What the task asks. Send back exactly the lines from the opening line of the records below through the one with "Bochner_Integration.integrable_diff) (auto elim: AE_mp)".

Saved entries
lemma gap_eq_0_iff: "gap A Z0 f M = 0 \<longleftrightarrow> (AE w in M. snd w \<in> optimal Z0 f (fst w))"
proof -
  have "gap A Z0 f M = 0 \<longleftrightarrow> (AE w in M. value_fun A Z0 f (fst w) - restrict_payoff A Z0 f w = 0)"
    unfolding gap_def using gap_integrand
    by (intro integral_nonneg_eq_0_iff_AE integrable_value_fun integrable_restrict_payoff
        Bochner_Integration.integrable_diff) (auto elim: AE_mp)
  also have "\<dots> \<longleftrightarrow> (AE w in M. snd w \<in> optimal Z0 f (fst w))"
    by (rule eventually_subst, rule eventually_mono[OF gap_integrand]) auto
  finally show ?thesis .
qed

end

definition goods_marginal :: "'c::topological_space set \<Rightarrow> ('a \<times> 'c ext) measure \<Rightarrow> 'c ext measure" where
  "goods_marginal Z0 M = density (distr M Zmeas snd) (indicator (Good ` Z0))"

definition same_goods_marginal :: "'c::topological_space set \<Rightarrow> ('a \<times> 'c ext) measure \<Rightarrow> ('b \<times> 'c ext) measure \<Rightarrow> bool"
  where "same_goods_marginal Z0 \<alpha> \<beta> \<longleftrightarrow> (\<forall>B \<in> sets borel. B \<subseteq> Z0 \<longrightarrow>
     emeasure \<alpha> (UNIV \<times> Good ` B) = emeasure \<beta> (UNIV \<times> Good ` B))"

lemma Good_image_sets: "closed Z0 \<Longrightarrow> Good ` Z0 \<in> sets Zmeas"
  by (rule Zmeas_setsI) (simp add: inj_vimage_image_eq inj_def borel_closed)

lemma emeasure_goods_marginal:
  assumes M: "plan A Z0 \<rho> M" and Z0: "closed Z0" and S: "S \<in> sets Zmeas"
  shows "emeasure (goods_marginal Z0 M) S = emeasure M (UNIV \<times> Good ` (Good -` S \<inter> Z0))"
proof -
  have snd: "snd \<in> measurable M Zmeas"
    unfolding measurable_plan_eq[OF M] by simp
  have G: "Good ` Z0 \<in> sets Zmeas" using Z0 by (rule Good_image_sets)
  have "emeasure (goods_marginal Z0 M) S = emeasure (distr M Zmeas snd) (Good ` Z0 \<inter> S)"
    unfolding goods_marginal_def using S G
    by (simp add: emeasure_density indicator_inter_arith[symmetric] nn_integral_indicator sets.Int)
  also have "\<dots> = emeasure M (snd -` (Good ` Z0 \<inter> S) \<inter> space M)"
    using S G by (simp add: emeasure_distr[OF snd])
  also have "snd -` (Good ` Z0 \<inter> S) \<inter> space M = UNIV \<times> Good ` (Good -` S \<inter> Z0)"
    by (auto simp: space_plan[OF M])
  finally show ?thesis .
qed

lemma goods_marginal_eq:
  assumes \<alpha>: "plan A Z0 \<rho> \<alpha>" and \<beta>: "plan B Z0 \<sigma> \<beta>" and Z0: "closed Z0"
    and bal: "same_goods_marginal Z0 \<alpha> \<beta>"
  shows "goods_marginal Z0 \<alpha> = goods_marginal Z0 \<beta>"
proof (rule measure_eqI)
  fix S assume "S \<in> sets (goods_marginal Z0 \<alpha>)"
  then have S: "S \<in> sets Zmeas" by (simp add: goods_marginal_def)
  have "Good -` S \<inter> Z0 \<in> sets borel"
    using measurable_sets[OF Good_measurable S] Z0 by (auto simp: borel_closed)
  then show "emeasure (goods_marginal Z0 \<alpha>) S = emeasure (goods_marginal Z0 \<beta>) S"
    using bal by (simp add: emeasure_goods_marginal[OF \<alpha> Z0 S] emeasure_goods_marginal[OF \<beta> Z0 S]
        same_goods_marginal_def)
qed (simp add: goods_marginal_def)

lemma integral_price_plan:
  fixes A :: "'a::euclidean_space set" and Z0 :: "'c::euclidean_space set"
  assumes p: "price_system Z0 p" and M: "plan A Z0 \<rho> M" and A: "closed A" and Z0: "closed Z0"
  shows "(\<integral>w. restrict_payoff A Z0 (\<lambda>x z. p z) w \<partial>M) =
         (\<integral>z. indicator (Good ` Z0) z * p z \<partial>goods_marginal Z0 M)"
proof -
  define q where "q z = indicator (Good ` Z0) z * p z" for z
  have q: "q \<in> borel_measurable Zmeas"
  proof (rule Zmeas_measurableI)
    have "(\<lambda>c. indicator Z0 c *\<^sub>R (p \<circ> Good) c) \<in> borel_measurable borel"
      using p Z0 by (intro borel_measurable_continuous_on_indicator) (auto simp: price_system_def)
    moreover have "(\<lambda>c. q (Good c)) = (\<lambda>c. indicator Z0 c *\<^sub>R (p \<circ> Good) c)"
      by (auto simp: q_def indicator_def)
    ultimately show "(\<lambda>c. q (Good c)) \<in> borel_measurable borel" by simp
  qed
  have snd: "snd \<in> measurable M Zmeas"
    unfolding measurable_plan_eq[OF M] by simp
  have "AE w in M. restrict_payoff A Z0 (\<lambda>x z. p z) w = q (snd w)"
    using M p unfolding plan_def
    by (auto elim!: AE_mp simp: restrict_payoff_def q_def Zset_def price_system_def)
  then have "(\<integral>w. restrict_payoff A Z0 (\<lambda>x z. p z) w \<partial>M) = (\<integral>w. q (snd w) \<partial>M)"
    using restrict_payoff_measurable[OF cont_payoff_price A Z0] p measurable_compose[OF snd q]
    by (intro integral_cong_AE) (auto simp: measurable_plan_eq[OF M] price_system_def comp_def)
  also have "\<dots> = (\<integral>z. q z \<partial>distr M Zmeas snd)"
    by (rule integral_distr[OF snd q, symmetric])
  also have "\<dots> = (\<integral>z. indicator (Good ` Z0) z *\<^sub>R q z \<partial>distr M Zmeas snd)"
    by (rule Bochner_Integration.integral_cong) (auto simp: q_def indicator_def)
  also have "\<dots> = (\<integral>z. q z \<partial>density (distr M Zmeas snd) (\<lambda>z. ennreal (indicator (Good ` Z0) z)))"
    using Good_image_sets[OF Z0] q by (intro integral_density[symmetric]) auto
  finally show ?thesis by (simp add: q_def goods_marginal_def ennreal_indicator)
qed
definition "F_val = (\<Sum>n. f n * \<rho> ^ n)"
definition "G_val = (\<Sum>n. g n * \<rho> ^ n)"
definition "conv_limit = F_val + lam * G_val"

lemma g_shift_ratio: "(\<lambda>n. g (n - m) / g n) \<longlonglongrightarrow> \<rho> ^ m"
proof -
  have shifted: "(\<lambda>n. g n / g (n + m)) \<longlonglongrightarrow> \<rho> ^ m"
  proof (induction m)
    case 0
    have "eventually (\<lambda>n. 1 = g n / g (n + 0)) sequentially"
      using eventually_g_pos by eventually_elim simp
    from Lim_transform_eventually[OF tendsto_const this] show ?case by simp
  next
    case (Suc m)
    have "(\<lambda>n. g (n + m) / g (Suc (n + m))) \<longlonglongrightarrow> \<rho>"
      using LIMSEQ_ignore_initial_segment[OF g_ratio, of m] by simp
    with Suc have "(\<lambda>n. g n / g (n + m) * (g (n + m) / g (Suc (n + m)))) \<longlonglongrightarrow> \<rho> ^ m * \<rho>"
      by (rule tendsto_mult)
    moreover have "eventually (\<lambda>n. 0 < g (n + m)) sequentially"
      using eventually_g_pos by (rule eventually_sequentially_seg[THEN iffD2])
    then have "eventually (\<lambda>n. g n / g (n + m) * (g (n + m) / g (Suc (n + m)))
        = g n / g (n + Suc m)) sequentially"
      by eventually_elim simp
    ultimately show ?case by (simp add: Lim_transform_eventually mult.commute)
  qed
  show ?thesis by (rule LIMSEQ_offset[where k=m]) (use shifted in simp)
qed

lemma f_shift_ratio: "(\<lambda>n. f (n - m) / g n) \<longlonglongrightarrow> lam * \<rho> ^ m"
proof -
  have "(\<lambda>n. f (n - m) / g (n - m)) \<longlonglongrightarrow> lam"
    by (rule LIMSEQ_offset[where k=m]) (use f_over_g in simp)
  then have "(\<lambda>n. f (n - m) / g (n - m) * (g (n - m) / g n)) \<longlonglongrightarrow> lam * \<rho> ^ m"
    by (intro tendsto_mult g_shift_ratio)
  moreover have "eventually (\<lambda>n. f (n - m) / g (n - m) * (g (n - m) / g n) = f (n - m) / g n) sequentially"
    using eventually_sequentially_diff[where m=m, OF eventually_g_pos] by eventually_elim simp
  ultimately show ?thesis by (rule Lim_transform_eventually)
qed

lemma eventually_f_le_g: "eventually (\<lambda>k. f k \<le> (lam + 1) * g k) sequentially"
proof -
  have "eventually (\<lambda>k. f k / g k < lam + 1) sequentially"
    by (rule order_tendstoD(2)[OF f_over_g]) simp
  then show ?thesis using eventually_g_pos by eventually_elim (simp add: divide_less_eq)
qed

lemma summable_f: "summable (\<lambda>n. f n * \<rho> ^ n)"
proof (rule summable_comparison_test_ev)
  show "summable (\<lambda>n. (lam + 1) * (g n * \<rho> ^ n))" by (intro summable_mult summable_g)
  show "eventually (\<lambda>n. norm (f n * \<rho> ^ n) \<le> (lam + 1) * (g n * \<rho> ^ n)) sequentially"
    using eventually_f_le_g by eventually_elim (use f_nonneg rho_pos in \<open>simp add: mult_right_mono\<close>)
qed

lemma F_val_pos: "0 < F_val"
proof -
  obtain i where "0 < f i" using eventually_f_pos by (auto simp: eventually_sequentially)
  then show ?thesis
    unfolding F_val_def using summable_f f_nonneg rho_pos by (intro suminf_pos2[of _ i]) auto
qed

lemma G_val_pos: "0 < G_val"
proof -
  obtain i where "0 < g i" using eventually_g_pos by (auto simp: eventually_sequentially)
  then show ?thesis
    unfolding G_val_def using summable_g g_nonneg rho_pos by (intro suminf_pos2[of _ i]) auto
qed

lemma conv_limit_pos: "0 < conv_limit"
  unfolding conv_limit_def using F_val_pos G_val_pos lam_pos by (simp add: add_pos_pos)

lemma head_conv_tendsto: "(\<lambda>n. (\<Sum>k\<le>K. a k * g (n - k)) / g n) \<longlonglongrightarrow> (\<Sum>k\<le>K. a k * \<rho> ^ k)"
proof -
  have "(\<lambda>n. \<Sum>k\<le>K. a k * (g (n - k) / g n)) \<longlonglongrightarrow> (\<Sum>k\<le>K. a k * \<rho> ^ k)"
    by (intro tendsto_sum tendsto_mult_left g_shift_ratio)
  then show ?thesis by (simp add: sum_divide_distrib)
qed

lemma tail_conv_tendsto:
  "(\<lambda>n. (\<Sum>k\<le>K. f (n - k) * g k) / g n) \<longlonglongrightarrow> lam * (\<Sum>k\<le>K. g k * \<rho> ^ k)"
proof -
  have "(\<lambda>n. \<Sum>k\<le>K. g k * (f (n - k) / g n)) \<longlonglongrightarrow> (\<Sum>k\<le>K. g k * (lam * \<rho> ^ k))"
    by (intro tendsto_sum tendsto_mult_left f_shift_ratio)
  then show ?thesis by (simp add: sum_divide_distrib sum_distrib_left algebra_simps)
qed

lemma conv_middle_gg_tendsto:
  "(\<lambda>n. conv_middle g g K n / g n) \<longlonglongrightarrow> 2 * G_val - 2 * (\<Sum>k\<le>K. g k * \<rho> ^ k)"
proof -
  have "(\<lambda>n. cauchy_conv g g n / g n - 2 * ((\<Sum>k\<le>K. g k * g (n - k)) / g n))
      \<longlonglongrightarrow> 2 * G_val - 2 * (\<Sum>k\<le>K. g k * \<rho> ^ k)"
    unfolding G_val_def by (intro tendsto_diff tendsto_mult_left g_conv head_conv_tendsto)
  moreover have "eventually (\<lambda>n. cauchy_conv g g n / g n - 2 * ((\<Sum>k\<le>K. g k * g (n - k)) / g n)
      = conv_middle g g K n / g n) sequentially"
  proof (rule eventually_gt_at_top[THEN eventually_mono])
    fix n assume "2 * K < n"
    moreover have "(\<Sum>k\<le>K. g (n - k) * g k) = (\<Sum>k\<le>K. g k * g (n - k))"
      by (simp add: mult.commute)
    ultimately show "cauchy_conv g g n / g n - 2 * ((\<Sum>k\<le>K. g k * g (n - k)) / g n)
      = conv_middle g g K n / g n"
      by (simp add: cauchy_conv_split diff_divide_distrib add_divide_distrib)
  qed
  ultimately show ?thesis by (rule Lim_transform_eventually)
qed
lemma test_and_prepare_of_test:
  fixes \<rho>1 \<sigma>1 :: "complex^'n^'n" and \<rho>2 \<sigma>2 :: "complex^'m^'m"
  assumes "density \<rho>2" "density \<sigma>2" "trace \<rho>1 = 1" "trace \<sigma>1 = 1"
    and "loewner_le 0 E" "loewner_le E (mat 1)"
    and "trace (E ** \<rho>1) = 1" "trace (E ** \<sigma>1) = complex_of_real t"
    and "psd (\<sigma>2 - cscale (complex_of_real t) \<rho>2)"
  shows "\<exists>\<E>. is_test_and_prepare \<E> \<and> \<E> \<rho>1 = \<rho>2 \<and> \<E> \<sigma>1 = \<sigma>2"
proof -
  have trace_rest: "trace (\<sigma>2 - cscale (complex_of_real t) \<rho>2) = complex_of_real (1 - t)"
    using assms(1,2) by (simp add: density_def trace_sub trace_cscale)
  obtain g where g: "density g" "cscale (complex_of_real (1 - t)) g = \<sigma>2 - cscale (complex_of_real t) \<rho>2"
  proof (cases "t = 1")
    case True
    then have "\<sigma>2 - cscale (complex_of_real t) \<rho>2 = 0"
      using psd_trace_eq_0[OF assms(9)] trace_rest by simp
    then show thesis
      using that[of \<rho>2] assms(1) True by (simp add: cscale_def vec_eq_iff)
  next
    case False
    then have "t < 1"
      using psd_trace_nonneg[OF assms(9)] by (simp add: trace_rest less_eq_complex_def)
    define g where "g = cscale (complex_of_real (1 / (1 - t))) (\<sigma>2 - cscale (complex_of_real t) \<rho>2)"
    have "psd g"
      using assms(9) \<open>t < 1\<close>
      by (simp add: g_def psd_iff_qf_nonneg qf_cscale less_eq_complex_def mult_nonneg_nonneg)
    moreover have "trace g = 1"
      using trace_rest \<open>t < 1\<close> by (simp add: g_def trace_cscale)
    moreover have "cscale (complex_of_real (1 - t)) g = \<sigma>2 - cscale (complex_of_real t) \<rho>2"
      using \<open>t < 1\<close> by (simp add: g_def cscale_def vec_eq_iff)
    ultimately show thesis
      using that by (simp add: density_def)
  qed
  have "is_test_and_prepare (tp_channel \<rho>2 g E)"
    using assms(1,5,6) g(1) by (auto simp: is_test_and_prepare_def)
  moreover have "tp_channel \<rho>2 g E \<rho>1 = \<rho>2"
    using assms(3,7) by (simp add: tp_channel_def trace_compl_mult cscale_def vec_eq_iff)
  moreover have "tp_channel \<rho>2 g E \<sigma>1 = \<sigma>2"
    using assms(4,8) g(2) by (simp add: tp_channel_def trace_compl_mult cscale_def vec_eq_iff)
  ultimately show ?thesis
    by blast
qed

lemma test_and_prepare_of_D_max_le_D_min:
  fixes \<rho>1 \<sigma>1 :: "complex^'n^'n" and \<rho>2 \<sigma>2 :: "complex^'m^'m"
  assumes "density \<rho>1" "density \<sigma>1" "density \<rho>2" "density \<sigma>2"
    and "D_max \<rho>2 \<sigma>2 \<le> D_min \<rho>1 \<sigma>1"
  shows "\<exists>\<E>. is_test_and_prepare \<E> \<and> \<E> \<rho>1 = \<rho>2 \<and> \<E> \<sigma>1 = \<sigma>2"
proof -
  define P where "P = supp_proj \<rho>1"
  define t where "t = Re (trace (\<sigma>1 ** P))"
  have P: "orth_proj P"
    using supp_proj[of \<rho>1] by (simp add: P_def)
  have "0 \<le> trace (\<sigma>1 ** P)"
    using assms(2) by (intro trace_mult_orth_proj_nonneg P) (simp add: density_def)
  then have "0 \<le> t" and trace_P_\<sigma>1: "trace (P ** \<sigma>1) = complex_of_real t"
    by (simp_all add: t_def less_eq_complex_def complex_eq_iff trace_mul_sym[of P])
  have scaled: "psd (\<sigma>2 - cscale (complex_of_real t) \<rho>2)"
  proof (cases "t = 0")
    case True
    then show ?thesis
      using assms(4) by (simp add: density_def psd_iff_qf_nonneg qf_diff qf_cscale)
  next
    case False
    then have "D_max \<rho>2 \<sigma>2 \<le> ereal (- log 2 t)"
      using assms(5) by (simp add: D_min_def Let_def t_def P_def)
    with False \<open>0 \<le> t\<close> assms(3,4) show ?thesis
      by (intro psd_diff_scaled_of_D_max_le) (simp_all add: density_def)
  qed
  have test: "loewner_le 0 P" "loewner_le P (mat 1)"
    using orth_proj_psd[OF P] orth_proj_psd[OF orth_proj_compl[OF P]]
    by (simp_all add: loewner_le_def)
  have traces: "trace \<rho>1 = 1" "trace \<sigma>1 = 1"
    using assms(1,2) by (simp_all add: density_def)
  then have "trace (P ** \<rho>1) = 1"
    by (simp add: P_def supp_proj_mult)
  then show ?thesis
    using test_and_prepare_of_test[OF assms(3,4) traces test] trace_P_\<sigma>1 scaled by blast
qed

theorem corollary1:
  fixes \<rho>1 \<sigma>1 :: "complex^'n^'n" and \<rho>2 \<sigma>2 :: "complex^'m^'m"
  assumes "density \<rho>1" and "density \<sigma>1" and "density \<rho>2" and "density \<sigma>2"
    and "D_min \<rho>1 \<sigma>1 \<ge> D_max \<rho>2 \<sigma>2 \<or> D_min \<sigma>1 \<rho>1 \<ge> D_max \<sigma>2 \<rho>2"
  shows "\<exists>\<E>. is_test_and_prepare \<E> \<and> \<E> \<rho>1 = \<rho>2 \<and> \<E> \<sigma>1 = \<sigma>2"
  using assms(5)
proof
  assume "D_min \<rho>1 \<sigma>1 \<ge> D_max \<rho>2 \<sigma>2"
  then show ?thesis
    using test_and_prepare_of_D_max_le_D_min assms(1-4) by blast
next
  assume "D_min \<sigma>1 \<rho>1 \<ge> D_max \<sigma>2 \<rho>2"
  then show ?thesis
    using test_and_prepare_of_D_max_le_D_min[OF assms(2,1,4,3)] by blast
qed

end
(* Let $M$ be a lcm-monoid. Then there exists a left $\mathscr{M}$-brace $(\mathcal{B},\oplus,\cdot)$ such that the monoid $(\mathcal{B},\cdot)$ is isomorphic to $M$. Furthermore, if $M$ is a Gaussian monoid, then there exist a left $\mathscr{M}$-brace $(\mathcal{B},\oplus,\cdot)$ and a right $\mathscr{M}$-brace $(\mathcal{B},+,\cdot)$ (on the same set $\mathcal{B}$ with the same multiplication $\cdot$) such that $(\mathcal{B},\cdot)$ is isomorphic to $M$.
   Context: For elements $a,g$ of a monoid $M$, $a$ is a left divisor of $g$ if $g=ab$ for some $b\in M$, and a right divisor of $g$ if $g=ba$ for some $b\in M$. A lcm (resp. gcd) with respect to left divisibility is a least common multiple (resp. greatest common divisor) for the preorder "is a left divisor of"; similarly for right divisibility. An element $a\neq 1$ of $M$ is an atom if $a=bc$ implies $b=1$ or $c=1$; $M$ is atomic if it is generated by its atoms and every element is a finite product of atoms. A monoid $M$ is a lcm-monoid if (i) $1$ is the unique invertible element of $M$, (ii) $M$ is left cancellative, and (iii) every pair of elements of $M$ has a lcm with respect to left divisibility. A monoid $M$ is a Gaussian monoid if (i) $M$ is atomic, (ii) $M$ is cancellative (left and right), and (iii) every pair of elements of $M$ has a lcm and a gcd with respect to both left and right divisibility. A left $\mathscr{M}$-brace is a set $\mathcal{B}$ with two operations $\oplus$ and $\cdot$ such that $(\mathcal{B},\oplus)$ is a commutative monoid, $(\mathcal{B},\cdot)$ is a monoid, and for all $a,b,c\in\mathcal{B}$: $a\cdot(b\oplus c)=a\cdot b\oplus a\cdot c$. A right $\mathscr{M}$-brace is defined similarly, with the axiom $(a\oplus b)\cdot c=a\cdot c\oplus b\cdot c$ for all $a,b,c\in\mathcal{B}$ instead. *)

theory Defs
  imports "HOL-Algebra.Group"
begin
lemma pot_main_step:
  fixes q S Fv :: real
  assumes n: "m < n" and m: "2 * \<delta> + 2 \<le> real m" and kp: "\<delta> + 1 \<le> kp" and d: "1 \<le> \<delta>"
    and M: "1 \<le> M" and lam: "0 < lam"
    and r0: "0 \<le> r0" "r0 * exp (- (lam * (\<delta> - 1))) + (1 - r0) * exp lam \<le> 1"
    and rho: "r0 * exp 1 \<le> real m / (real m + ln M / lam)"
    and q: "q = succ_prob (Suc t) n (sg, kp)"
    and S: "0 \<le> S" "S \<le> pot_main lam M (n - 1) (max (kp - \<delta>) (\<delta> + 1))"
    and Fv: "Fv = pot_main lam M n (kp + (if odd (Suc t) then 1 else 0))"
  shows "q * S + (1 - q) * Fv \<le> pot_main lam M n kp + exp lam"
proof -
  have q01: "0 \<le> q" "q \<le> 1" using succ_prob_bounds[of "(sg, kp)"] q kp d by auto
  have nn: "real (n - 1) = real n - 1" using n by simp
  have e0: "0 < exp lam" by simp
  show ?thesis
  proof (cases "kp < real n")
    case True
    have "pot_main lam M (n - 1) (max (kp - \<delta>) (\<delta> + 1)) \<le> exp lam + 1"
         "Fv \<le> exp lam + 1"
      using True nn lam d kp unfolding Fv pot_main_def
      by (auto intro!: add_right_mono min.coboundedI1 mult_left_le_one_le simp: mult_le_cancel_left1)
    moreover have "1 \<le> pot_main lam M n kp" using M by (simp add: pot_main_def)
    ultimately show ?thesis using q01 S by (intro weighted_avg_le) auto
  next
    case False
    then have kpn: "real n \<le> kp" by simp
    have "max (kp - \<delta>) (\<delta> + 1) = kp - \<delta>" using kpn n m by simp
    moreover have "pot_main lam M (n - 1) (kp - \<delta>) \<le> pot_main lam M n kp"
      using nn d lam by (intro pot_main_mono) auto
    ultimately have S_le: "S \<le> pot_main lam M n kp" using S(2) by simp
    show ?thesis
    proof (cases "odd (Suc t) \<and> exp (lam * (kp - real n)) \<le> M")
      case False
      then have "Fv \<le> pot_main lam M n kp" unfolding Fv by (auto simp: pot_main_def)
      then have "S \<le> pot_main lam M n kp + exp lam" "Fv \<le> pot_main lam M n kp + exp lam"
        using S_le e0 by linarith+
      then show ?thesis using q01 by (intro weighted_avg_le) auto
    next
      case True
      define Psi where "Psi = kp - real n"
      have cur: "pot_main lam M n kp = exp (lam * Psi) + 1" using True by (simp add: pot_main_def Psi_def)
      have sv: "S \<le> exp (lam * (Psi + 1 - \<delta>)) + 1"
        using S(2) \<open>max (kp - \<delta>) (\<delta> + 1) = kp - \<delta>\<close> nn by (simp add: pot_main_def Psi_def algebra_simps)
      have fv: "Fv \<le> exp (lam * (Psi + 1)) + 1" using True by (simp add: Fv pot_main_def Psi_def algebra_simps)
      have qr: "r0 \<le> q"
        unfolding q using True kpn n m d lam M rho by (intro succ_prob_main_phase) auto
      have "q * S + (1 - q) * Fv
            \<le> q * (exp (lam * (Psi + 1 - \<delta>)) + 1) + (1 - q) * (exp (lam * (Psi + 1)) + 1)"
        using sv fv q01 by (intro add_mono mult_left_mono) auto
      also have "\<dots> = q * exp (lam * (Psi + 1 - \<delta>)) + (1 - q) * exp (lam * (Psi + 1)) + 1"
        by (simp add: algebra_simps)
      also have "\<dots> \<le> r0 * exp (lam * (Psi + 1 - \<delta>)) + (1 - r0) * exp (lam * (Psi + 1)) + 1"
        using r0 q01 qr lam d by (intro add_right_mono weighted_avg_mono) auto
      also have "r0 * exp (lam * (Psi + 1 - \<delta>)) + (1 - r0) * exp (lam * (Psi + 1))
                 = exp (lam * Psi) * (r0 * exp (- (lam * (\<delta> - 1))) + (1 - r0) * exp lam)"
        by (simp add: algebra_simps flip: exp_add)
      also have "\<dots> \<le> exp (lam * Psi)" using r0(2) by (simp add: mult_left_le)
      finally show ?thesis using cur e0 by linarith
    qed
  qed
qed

Answer for the task.
lemma gap_eq_0_iff: "gap A Z0 f M = 0 \<longleftrightarrow> (AE w in M. snd w \<in> optimal Z0 f (fst w))"
proof -
  have "gap A Z0 f M = 0 \<longleftrightarrow> (AE w in M. value_fun A Z0 f (fst w) - restrict_payoff A Z0 f w = 0)"
    unfolding gap_def using gap_integrand
    by (intro integral_nonneg_eq_0_iff_AE integrable_value_fun integrable_restrict_payoff
        Bochner_Integration.integrable_diff) (auto elim: AE_mp)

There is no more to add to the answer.